* _LISTED ENTRIES_

··········

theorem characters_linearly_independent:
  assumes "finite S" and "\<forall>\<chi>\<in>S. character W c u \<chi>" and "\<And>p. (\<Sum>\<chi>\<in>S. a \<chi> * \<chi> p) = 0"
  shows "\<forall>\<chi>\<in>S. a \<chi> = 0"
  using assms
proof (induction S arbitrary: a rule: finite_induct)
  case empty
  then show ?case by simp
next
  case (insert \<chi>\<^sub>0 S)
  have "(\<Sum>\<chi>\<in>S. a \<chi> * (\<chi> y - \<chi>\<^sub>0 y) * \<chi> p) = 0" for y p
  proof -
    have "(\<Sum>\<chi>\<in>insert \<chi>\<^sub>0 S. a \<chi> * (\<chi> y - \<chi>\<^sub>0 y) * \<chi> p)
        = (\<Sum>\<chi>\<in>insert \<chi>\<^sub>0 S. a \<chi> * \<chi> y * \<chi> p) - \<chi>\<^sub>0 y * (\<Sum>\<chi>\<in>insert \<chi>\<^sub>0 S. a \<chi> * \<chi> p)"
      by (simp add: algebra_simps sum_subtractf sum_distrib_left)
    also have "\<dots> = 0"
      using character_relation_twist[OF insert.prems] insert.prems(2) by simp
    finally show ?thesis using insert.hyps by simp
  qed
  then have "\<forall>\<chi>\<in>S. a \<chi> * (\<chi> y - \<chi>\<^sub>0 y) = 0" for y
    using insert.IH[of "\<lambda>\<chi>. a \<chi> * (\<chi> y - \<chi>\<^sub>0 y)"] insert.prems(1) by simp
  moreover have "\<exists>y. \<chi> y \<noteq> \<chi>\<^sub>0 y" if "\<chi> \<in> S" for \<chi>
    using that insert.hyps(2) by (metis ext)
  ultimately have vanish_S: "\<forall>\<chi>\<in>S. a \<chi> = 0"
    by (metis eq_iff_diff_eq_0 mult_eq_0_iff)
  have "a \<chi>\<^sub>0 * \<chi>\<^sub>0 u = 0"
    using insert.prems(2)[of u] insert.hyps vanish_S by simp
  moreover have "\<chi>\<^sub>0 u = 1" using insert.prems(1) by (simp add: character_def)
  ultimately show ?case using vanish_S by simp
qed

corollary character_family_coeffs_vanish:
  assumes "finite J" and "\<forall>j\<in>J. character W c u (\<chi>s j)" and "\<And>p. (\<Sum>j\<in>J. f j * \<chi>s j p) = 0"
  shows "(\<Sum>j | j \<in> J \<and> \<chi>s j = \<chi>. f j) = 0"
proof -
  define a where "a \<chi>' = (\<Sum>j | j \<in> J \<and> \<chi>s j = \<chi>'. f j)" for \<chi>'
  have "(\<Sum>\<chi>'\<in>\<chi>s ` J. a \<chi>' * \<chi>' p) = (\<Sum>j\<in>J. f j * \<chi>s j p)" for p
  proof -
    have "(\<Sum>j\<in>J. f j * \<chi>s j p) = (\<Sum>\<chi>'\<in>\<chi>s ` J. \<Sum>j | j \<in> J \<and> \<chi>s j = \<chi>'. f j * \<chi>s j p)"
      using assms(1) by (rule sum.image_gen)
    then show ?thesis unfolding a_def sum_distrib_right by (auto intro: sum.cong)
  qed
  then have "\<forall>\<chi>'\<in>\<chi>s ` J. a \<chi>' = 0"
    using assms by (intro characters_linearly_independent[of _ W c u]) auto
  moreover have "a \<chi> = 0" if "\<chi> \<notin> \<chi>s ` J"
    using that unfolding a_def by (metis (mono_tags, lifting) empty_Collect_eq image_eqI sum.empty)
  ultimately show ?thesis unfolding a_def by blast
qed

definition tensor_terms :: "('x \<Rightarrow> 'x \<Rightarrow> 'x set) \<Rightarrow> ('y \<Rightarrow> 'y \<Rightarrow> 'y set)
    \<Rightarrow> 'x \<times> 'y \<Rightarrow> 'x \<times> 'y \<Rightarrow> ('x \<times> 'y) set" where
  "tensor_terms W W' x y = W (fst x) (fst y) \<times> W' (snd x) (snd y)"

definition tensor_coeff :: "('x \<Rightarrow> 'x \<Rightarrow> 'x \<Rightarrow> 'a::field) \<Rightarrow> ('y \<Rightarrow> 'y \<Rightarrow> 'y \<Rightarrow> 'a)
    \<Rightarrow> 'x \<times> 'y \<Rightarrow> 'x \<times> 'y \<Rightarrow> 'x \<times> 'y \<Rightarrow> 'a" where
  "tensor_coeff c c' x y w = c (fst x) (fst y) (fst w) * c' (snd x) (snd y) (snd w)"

··········

Transcribe word for word the lines from the one holding "j = \<chi>. f" to the last line of the listing above, inclusive.

* _YOUR SOLUTION_
  shows "(\<Sum>j | j \<in> J \<and> \<chi>s j = \<chi>. f j) = 0"
proof -
  define a where "a \<chi>' = (\<Sum>j | j \<in> J \<and> \<chi>s j = \<chi>'. f j)" for \<chi>'
  have "(\<Sum>\<chi>'\<in>\<chi>s ` J. a \<chi>' * \<chi>' p) = (\<Sum>j\<in>J. f j * \<chi>s j p)" for p
  proof -
    have "(\<Sum>j\<in>J. f j * \<chi>s j p) = (\<Sum>\<chi>'\<in>\<chi>s ` J. \<Sum>j | j \<in> J \<and> \<chi>s j = \<chi>'. f j * \<chi>s j p)"
      using assms(1) by (rule sum.image_gen)
    then show ?thesis unfolding a_def sum_distrib_right by (auto intro: sum.cong)
  qed
  then have "\<forall>\<chi>'\<in>\<chi>s ` J. a \<chi>' = 0"
    using assms by (intro characters_linearly_independent[of _ W c u]) auto
  moreover have "a \<chi> = 0" if "\<chi> \<notin> \<chi>s ` J"
    using that unfolding a_def by (metis (mono_tags, lifting) empty_Collect_eq image_eqI sum.empty)
  ultimately show ?thesis unfolding a_def by blast
qed

definition tensor_terms :: "('x \<Rightarrow> 'x \<Rightarrow> 'x set) \<Rightarrow> ('y \<Rightarrow> 'y \<Rightarrow> 'y set)
    \<Rightarrow> 'x \<times> 'y \<Rightarrow> 'x \<times> 'y \<Rightarrow> ('x \<times> 'y) set" where
  "tensor_terms W W' x y = W (fst x) (fst y) \<times> W' (snd x) (snd y)"

definition tensor_coeff :: "('x \<Rightarrow> 'x \<Rightarrow> 'x \<Rightarrow> 'a::field) \<Rightarrow> ('y \<Rightarrow> 'y \<Rightarrow> 'y \<Rightarrow> 'a)
    \<Rightarrow> 'x \<times> 'y \<Rightarrow> 'x \<times> 'y \<Rightarrow> 'x \<times> 'y \<Rightarrow> 'a" where
  "tensor_coeff c c' x y w = c (fst x) (fst y) (fst w) * c' (snd x) (snd y) (snd w)"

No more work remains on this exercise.